# Charger flap closes too quickly - workaround



## bwilson4web (Mar 4, 2019)

When I arrive home with the dogs, the charging flap closes too quickly when I pickup the J1772 plug. But I found two workarounds:

Open the trunk too - it suspends closing the flap and it is easy enough to the close the trunk.
Leave door cracked open - this doesn't work if the dogs are in the car. Regardless, it too suspends closing the flap.
In the world of problems, this is a nit but don't we all come here to nit pick? <GRINS>

Bob Wilson


----------



## lance.bailey (Apr 1, 2019)

interestingly, I'm havign issues with the flap opening on touch. It used to be that it popped open easily - too easily sometimes when washing the car.

now if i think to charge the car in the evening i'll go out to the garage and the flap won't open.
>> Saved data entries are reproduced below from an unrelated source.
lemma integrable_component_mult:
  fixes X :: "'a \<Rightarrow> real ^ 'n"
  assumes "\<And>v. integrable M (\<lambda>\<omega>. (v \<bullet> X \<omega>)\<^sup>2)"
  shows "integrable M (\<lambda>\<omega>. X \<omega> $ i * X \<omega> $ j)"
proof -
  have "X \<omega> $ i * X \<omega> $ j
      = ((axis i 1 + axis j 1) \<bullet> X \<omega>)\<^sup>2 / 2 - (axis i 1 \<bullet> X \<omega>)\<^sup>2 / 2 - (axis j 1 \<bullet> X \<omega>)\<^sup>2 / 2" for \<omega>
    by (simp add: inner_add_left inner_axis' power2_eq_square algebra_simps)
  then show ?thesis
    using assms by simp
qed

lemma second_moment_matrix_quadratic_form:
  fixes X :: "'a \<Rightarrow> real ^ 'n"
  assumes "\<And>v. integrable M (\<lambda>\<omega>. (v \<bullet> X \<omega>)\<^sup>2)"
  shows "v \<bullet> (second_moment_matrix M X *v v) = (\<integral>\<omega>. (v \<bullet> X \<omega>)\<^sup>2 \<partial>M)"
proof -
  have "v \<bullet> (second_moment_matrix M X *v v)
      = (\<Sum>i\<in>UNIV. \<Sum>j\<in>UNIV. \<integral>\<omega>. v $ i * v $ j * (X \<omega> $ i * X \<omega> $ j) \<partial>M)"
    by (simp add: second_moment_matrix_def inner_vec_def matrix_vector_mult_def
        sum_distrib_left mult_ac)
  also have "\<dots> = (\<integral>\<omega>. (\<Sum>i\<in>UNIV. \<Sum>j\<in>UNIV. v $ i * v $ j * (X \<omega> $ i * X \<omega> $ j)) \<partial>M)"
    using integrable_component_mult[OF assms] by simp
  also have "\<dots> = (\<integral>\<omega>. (v \<bullet> X \<omega>)\<^sup>2 \<partial>M)"
    by (simp add: inner_vec_def power2_eq_square sum_product mult_ac)
  finally show ?thesis .
qed

lemma transpose_second_moment_matrix:
  "transpose (second_moment_matrix M X) = second_moment_matrix M X"
  by (simp add: second_moment_matrix_def transpose_def vec_eq_iff mult.commute)

lemma loewner_leI:
  fixes P Q :: "real ^ 'n ^ 'n"
  assumes "transpose P = P" "transpose Q = Q" "\<And>v. v \<bullet> (Q *v v) \<le> v \<bullet> (P *v v)"
  shows "loewner_le Q P"
  using assms
  by (simp add: loewner_le_def psd_def transpose_def vec_eq_iff matrix_vector_mult_diff_rdistrib
      inner_diff_right)

lemma second_moment_matrix_loewner_bounds:
  fixes X :: "'a \<Rightarrow> real ^ 'n"
  assumes "\<And>v. integrable M (\<lambda>\<omega>. (v \<bullet> X \<omega>)\<^sup>2)"
    and "\<And>v. c * (norm v)\<^sup>2 \<le> (\<integral>\<omega>. (v \<bullet> X \<omega>)\<^sup>2 \<partial>M)"
    and "\<And>v. (\<integral>\<omega>. (v \<bullet> X \<omega>)\<^sup>2 \<partial>M) \<le> d * (norm v)\<^sup>2"
  shows "loewner_le (c *\<^sub>R mat 1) (second_moment_matrix M X)"
    and "loewner_le (second_moment_matrix M X) (d *\<^sub>R mat 1)"
proof -
  have "transpose (a *\<^sub>R mat 1 :: real ^ 'n ^ 'n) = a *\<^sub>R mat 1" for a :: real
    by (simp add: transpose_def vec_eq_iff mat_def)
  moreover have "v \<bullet> ((a *\<^sub>R mat 1) *v v) = a * (norm v)\<^sup>2" for a :: real and v :: "real ^ 'n"
    by (simp add: scaleR_matrix_vector_assoc[symmetric] power2_norm_eq_inner)
  ultimately
  show "loewner_le (c *\<^sub>R mat 1) (second_moment_matrix M X)"
    "loewner_le (second_moment_matrix M X) (d *\<^sub>R mat 1)"
    using assms
    by (auto intro!: loewner_leI simp: transpose_second_moment_matrix
        second_moment_matrix_quadratic_form)
qed

lemma le_add_square_div:
  fixes t x :: real
  assumes "0 < t"
  shows "x \<le> t + x\<^sup>2 / (4 * t)"
proof -
  have "x\<^sup>2 / (4 * t) - x + t = (x - 2 * t)\<^sup>2 / (4 * t)"
    using assms by (simp add: field_simps power2_eq_square)
  also have "\<dots> \<ge> 0"
    using assms by simp
  finally show ?thesis by simp
qed

lemma (in prob_space) integral_mult_indicator_le:
  fixes Y :: "'a \<Rightarrow> real"
  assumes "integrable M Y" "integrable M (\<lambda>\<omega>. (Y \<omega>)\<^sup>2)" "C \<in> events" "0 < t"
  shows "expectation (\<lambda>\<omega>. Y \<omega> * indicator C \<omega>)
    \<le> t * prob C + expectation (\<lambda>\<omega>. (Y \<omega>)\<^sup>2) / (4 * t)"
proof -
  have indicator_C: "integrable M (indicator C :: 'a \<Rightarrow> real)"
    using \<open>C \<in> events\<close> by (simp add: emeasure_eq_measure)
  have "expectation (\<lambda>\<omega>. Y \<omega> * indicator C \<omega>)
      \<le> expectation (\<lambda>\<omega>. t * indicator C \<omega> + (Y \<omega>)\<^sup>2 / (4 * t))"
  proof (rule Bochner_Integration.integral_mono)
    show "integrable M (\<lambda>\<omega>. Y \<omega> * indicator C \<omega>)"
      using assms by (intro integrable_real_mult_indicator)
    show "integrable M (\<lambda>\<omega>. t * indicator C \<omega> + (Y \<omega>)\<^sup>2 / (4 * t))"
      using assms indicator_C by simp
    show "Y \<omega> * indicator C \<omega> \<le> t * indicator C \<omega> + (Y \<omega>)\<^sup>2 / (4 * t)" for \<omega>
      using le_add_square_div[OF \<open>0 < t\<close>, of "Y \<omega>"] \<open>0 < t\<close> by (simp add: indicator_def)
  qed
  also have "\<dots> = t * prob C + expectation (\<lambda>\<omega>. (Y \<omega>)\<^sup>2) / (4 * t)"
    using assms indicator_C by (subst Bochner_Integration.integral_add) auto
  finally show ?thesis .
qed

lemma (in prob_space) half_mean_le_integral_mult_indicator:
  fixes Y :: "'a \<Rightarrow> real"
  assumes "integrable M Y" "integrable M (\<lambda>\<omega>. (Y \<omega>)\<^sup>2)" "E \<in> events"
    and "expectation Y = s" "0 < s" "expectation (\<lambda>\<omega>. (Y \<omega>)\<^sup>2) \<le> 3 * s\<^sup>2"
    and "prob (space M - E) \<le> 1 / 12"
  shows "s / 2 \<le> expectation (\<lambda>\<omega>. Y \<omega> * indicator E \<omega>)"
proof -
  let ?C = "space M - E"
  have C: "?C \<in> events"
    using assms(3) by auto
  have "expectation (\<lambda>\<omega>. Y \<omega> * indicator ?C \<omega>)
      \<le> 3 * s * prob ?C + expectation (\<lambda>\<omega>. (Y \<omega>)\<^sup>2) / (12 * s)"
    using integral_mult_indicator_le[OF assms(1,2) C, of "3 * s"] \<open>0 < s\<close> by simp
  also have "\<dots> \<le> 3 * s * (1 / 12) + 3 * s\<^sup>2 / (12 * s)"
    using assms(5-7) by (intro add_mono mult_left_mono divide_right_mono) auto
  also have "\<dots> = s / 2"
    using \<open>0 < s\<close> by (simp add: power2_eq_square)
  finally have "expectation (\<lambda>\<omega>. Y \<omega> * indicator ?C \<omega>) \<le> s / 2" .
  moreover have "expectation (\<lambda>\<omega>. Y \<omega> * indicator E \<omega>)
      = expectation (\<lambda>\<omega>. Y \<omega> - Y \<omega> * indicator ?C \<omega>)"
    by (intro Bochner_Integration.integral_cong) (auto simp: indicator_def)
  moreover have "\<dots> = s - expectation (\<lambda>\<omega>. Y \<omega> * indicator ?C \<omega>)"
    using assms C
    by (subst Bochner_Integration.integral_diff) (auto intro: integrable_real_mult_indicator)
  ultimately show ?thesis
    by simp
qed

lemma density_PiM_prod:
  fixes M :: "'i \<Rightarrow> 'a measure" and f :: "'i \<Rightarrow> 'a \<Rightarrow> ennreal"
  assumes "finite I"
    and "\<And>i. sigma_finite_measure (M i)"
    and "\<And>i. sigma_finite_measure (density (M i) (f i))"
    and [measurable]: "\<And>i. i \<in> I \<Longrightarrow> f i \<in> borel_measurable (M i)"
  shows "density (PiM I M) (\<lambda>x. \<Prod>i\<in>I. f i (x i)) = PiM I (\<lambda>i. density (M i) (f i))"
proof -
  interpret M: product_sigma_finite M
    by (simp add: product_sigma_finite_def assms(2))
  interpret D: product_sigma_finite "\<lambda>i. density (M i) (f i)"
    by (simp add: product_sigma_finite_def assms(3))
  show ?thesis
  proof (rule D.PiM_eqI[OF \<open>finite I\<close>])
    show "sets (density (PiM I M) (\<lambda>x. \<Prod>i\<in>I. f i (x i))) = sets (PiM I (\<lambda>i. density (M i) (f i)))"
      by (simp cong: sets_PiM_cong)
    fix A assume "\<And>i. i \<in> I \<Longrightarrow> A i \<in> sets (density (M i) (f i))"
    then have A[measurable]: "\<And>i. i \<in> I \<Longrightarrow> A i \<in> sets (M i)" by simp
    have "emeasure (density (PiM I M) (\<lambda>x. \<Prod>i\<in>I. f i (x i))) (PiE I A)
        = (\<integral>\<^sup>+x. (\<Prod>i\<in>I. f i (x i)) * indicator (PiE I A) x \<partial>PiM I M)"
      using A by (intro emeasure_density sets_PiM_I_finite \<open>finite I\<close>) auto
    also have "\<dots> = (\<integral>\<^sup>+x. (\<Prod>i\<in>I. f i (x i) * indicator (A i) (x i)) \<partial>PiM I M)"
      using \<open>finite I\<close>
      by (intro nn_integral_cong)
         (auto simp: space_PiM PiE_iff indicator_def prod.distrib[symmetric] prod.neutral)
    also have "\<dots> = (\<Prod>i\<in>I. \<integral>\<^sup>+y. f i y * indicator (A i) y \<partial>M i)"
      using A by (intro M.product_nn_integral_prod \<open>finite I\<close>) auto
    also have "\<dots> = (\<Prod>i\<in>I. emeasure (density (M i) (f i)) (A i))"
      using A by (intro prod.cong refl) (simp add: emeasure_density)
    finally show "emeasure (density (PiM I M) (\<lambda>x. \<Prod>i\<in>I. f i (x i))) (PiE I A)
        = (\<Prod>i\<in>I. emeasure (density (M i) (f i)) (A i))" .
  qed
qed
I have a juice box with the j1772 adapter so i do not have the tesla charger open me button on the charger handle.

I'll pull my phone out of my pocket and open up the app, wait for the car and app to connect ... and still the flap won't open. so i'll pop a door ... still the flap won't open on touch. 
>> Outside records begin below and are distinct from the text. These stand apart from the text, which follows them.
locale hyper_group =
  fixes H :: "'a set" and m :: "'a \<Rightarrow> 'a \<Rightarrow> 'a set" and e :: 'a and iv :: "'a \<Rightarrow> 'a"
  assumes hypergroup: "hypergroup H m e iv"
begin

lemma mult_closed: "a \<in> H \<Longrightarrow> b \<in> H \<Longrightarrow> m a b \<subseteq> H"
  using hypergroup by (auto simp: hypergroup_def)

lemma mult_assoc: "a \<in> H \<Longrightarrow> b \<in> H \<Longrightarrow> c \<in> H \<Longrightarrow> set_mult m (m a b) {c} = set_mult m {a} (m b c)"
  using hypergroup by (auto simp: hypergroup_def)

lemma unit_closed: "e \<in> H"
  using hypergroup by (auto simp: hypergroup_def)

lemma unit_mult: "h \<in> H \<Longrightarrow> m e h = {h} \<and> m h e = {h}"
  using hypergroup by (auto simp: hypergroup_def)

lemma unit_unique:
  assumes "e' \<in> H" "\<And>h. h \<in> H \<Longrightarrow> m e' h = {h} \<and> m h e' = {h}"
  shows "e' = e"
proof -
  have "\<forall>e'\<in>H. (\<forall>h\<in>H. m e' h = {h} \<and> m h e' = {h}) \<longrightarrow> e' = e"
    using hypergroup unfolding hypergroup_def by (elim conjE) assumption
  then show ?thesis using assms by blast
qed

lemma inv_closed: "h \<in> H \<Longrightarrow> iv h \<in> H"
  using hypergroup by (auto simp: hypergroup_def)

lemma unit_in_inv_mult: "h \<in> H \<Longrightarrow> e \<in> m (iv h) h \<and> e \<in> m h (iv h)"
  using hypergroup by (auto simp: hypergroup_def)

lemma inv_unique:
  assumes "h \<in> H" "k \<in> H" "e \<in> m k h" "e \<in> m h k"
  shows "k = iv h"
proof -
  have "\<forall>h\<in>H. \<forall>k\<in>H. e \<in> m k h \<inter> m h k \<longrightarrow> k = iv h"
    using hypergroup unfolding hypergroup_def by (elim conjE) assumption
  then show ?thesis using assms by blast
qed

lemma reversible:
  assumes "a \<in> H" "b \<in> H" "c \<in> m a b"
  shows "a \<in> m c (iv b)" "b \<in> m (iv a) c"
proof -
  have "\<forall>a\<in>H. \<forall>b\<in>H. \<forall>c\<in>H. c \<in> m a b \<longrightarrow> a \<in> m c (iv b) \<and> b \<in> m (iv a) c"
    using hypergroup unfolding hypergroup_def by (elim conjE) assumption
  then show "a \<in> m c (iv b)" "b \<in> m (iv a) c" using assms mult_closed by blast+
qed

lemma inv_inv: "h \<in> H \<Longrightarrow> iv (iv h) = h"
  using inv_unique[of "iv h" h] unit_in_inv_mult[of h] inv_closed[of h] by auto

lemma inv_mult_rev:
  assumes a: "a \<in> H" and b: "b \<in> H" and c: "c \<in> m a b"
  shows "iv c \<in> m (iv b) (iv a)"
proof -
  have cH: "c \<in> H" using mult_closed a b c by blast
  have "b \<in> m (iv a) c" using reversible(2)[OF a b c] .
  then have "iv a \<in> m b (iv c)" by (rule reversible(1)[OF inv_closed[OF a] cH])
  then show ?thesis by (rule reversible(2)[OF b inv_closed[OF cH]])
qed

lemma set_mult_closed: "A \<subseteq> H \<Longrightarrow> B \<subseteq> H \<Longrightarrow> set_mult m A B \<subseteq> H"
  unfolding set_mult_def using mult_closed by blast

lemma set_mult_assoc:
  assumes "A \<subseteq> H" "B \<subseteq> H" "C \<subseteq> H"
  shows "set_mult m (set_mult m A B) C = set_mult m A (set_mult m B C)"
proof (rule set_eqI)
  fix x
  have "(\<exists>d\<in>m a b. x \<in> m d c) \<longleftrightarrow> (\<exists>d\<in>m b c. x \<in> m a d)"
    if "a \<in> A" "b \<in> B" "c \<in> C" for a b c
    using mult_assoc[of a b c] assms that by (auto simp: set_mult_iff set_eq_iff)
  moreover have "x \<in> set_mult m (set_mult m A B) C \<longleftrightarrow>
      (\<exists>a\<in>A. \<exists>b\<in>B. \<exists>c\<in>C. \<exists>d\<in>m a b. x \<in> m d c)"
    by (auto simp: set_mult_def)
  moreover have "x \<in> set_mult m A (set_mult m B C) \<longleftrightarrow>
      (\<exists>a\<in>A. \<exists>b\<in>B. \<exists>c\<in>C. \<exists>d\<in>m b c. x \<in> m a d)"
    by (auto simp: set_mult_def)
  ultimately show "x \<in> set_mult m (set_mult m A B) C \<longleftrightarrow> x \<in> set_mult m A (set_mult m B C)"
    by blast
qed

end

locale normal_subhypergroup = hyper_group +
  fixes N :: "'a set"
  assumes normal: "normal_sub_hypergroup H m iv N"
begin

abbreviation coset :: "'a \<Rightarrow> 'a set" where
  "coset h \<equiv> set_mult m {h} N"

lemma sub_carrier: "N \<subseteq> H"
  using normal by (auto simp: normal_sub_hypergroup_def sub_hypergroup_def)

lemma sub_mult_closed: "a \<in> N \<Longrightarrow> b \<in> N \<Longrightarrow> m a b \<subseteq> N"
  using normal by (auto simp: normal_sub_hypergroup_def sub_hypergroup_def)

lemma sub_inv_closed: "a \<in> N \<Longrightarrow> iv a \<in> N"
  using normal by (auto simp: normal_sub_hypergroup_def sub_hypergroup_def)

lemma left_coset_eq_right_coset: "h \<in> H \<Longrightarrow> coset h = set_mult m N {h}"
  using normal by (auto simp: normal_sub_hypergroup_def)

lemma unit_in_sub: "e \<in> N"
proof -
  obtain n where n: "n \<in> N"
    using normal by (auto simp: normal_sub_hypergroup_def sub_hypergroup_def)
  then show ?thesis
    using sub_mult_closed[of n "iv n"] sub_inv_closed unit_in_inv_mult sub_carrier by blast
qed

lemma in_coset: "h \<in> H \<Longrightarrow> h \<in> coset h"
  using unit_mult[of h] unit_in_sub by (auto simp: set_mult_iff)

lemma coset_subset: "h \<in> H \<Longrightarrow> coset h \<subseteq> H"
  using set_mult_closed sub_carrier by auto

lemma coset_unit: "coset e = N"
  using unit_mult sub_carrier by (auto simp: set_mult_def)

lemma coset_mult_sub: "h \<in> H \<Longrightarrow> set_mult m (coset h) N \<subseteq> coset h"
proof -
  assume h: "h \<in> H"
  have "set_mult m N N \<subseteq> N"
    unfolding set_mult_def using sub_mult_closed by blast
  then show ?thesis
    using set_mult_assoc[of "{h}" N N] h sub_carrier set_mult_mono[of "{h}" "{h}"] by blast
qed

lemma sub_mult_coset: "h \<in> H \<Longrightarrow> set_mult m N (coset h) \<subseteq> coset h"
proof -
  assume h: "h \<in> H"
  have "set_mult m N (coset h) = set_mult m (set_mult m N {h}) N"
    using set_mult_assoc[of N "{h}" N] sub_carrier h by auto
  also have "\<dots> = set_mult m (coset h) N"
    using left_coset_eq_right_coset h by simp
  finally show ?thesis using coset_mult_sub h by simp
qed

lemma coset_eq:
  assumes h: "h \<in> H" and c: "c \<in> coset h"
  shows "coset c = coset h"
proof
  obtain n where n: "n \<in> N" "c \<in> m h n" using c by (auto simp: set_mult_iff)
  have cH: "c \<in> H" using c coset_subset h by blast
  show "coset c \<subseteq> coset h"
    using set_mult_mono[of "{c}" "coset h" N N m] c coset_mult_sub[OF h] by blast
  have "h \<in> m c (iv n)" using reversible(1)[of h n c] n h sub_carrier by blast
  then have "h \<in> coset c" using sub_inv_closed n by (auto simp: set_mult_iff)
  then show "coset h \<subseteq> coset c"
    using set_mult_mono[of "{h}" "coset c" N N m] coset_mult_sub[OF cH] by blast
qed

lemma coset_right_mult_closed:
  "h \<in> H \<Longrightarrow> a \<in> coset h \<Longrightarrow> n \<in> N \<Longrightarrow> m a n \<subseteq> coset h"
  using coset_mult_sub[of h] set_mult_iff[of _ m "coset h" N] by blast

lemma coset_left_mult_closed:
  "h \<in> H \<Longrightarrow> a \<in> coset h \<Longrightarrow> n \<in> N \<Longrightarrow> m n a \<subseteq> coset h"
  using sub_mult_coset[of h] set_mult_iff[of _ m N "coset h"] by blast

lemma inv_coset:
  assumes a: "a \<in> H" and x: "x \<in> coset a"
  shows "iv x \<in> coset (iv a)"
proof -
  obtain n where n: "n \<in> N" "x \<in> m a n" using x by (auto simp: set_mult_iff)
  then have "iv x \<in> m (iv n) (iv a)" using inv_mult_rev a sub_carrier by blast
  then have "iv x \<in> set_mult m N {iv a}" using sub_inv_closed n by (auto simp: set_mult_iff)
  then show ?thesis using left_coset_eq_right_coset inv_closed a by auto
qed

lemma inv_coset_iff:
  assumes a: "a \<in> H" and x: "x \<in> H"
  shows "iv x \<in> coset (iv a) \<longleftrightarrow> x \<in> coset a"
proof
  assume "iv x \<in> coset (iv a)"
  then have "iv (iv x) \<in> coset (iv (iv a))" using inv_coset inv_closed a by blast
  then show "x \<in> coset a" using inv_inv a x by simp
qed (rule inv_coset[OF a])

end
finally i'll open the flap via the phone app, close it (or let it close on timeout) and after that the flap opens on touch. so the touch sensor works, just not when I need it to work.

can someone with a j17772 charger describe when the flap opens on touch? is it only just after driving? is it only after the flap has been activated via another means?


----------



## garsh (Apr 4, 2016)

lance.bailey said:


> ... still the flap won't open on touch.


That usually means that the little magnet fell out of the flap.


----------



## lance.bailey (Apr 1, 2019)

nope, magnet is still there (just checked) and after I open/close the flap from the app touch works fine. I just want it to work without needing the app to prime it like an old pump.


----------



## bwilson4web (Mar 4, 2019)

garsh said:


> That usually means that the little magnet fell out of the flap.


Mine does open sometimes on touch. Just it closes too quickly unless I crack the door or open the trunk. I took a photo earlier but it seems something is there. I'll have to check if magnetic.

Bob Wilson


----------



## pweady (Dec 18, 2018)

bwilson4web said:


> When I arrive home with the dogs, the charging flap closes too quickly when I pickup the J1772 plug. But I found two workarounds:
> 
> Open the trunk too - it suspends closing the flap and it is easy enough to the close the trunk.
> Leave door cracked open - this doesn't work if the dogs are in the car. Regardless, it too suspends closing the flap.
> ...


I had the same problem too when using the adapter. My workaround is to release the latch on the charging cable and wait a second for the light to turn blue on the car. Then I remove the plug and the door doens't close too early so I can remove the adapter. I don't know if it's a universal solution but it works on the charger I'm using at least.


----------



## bwilson4web (Mar 4, 2019)

The adapter is too tight on the J1772 end so it stays there all the time. I bought a second adapter for when away from home.

Bob Wilson


----------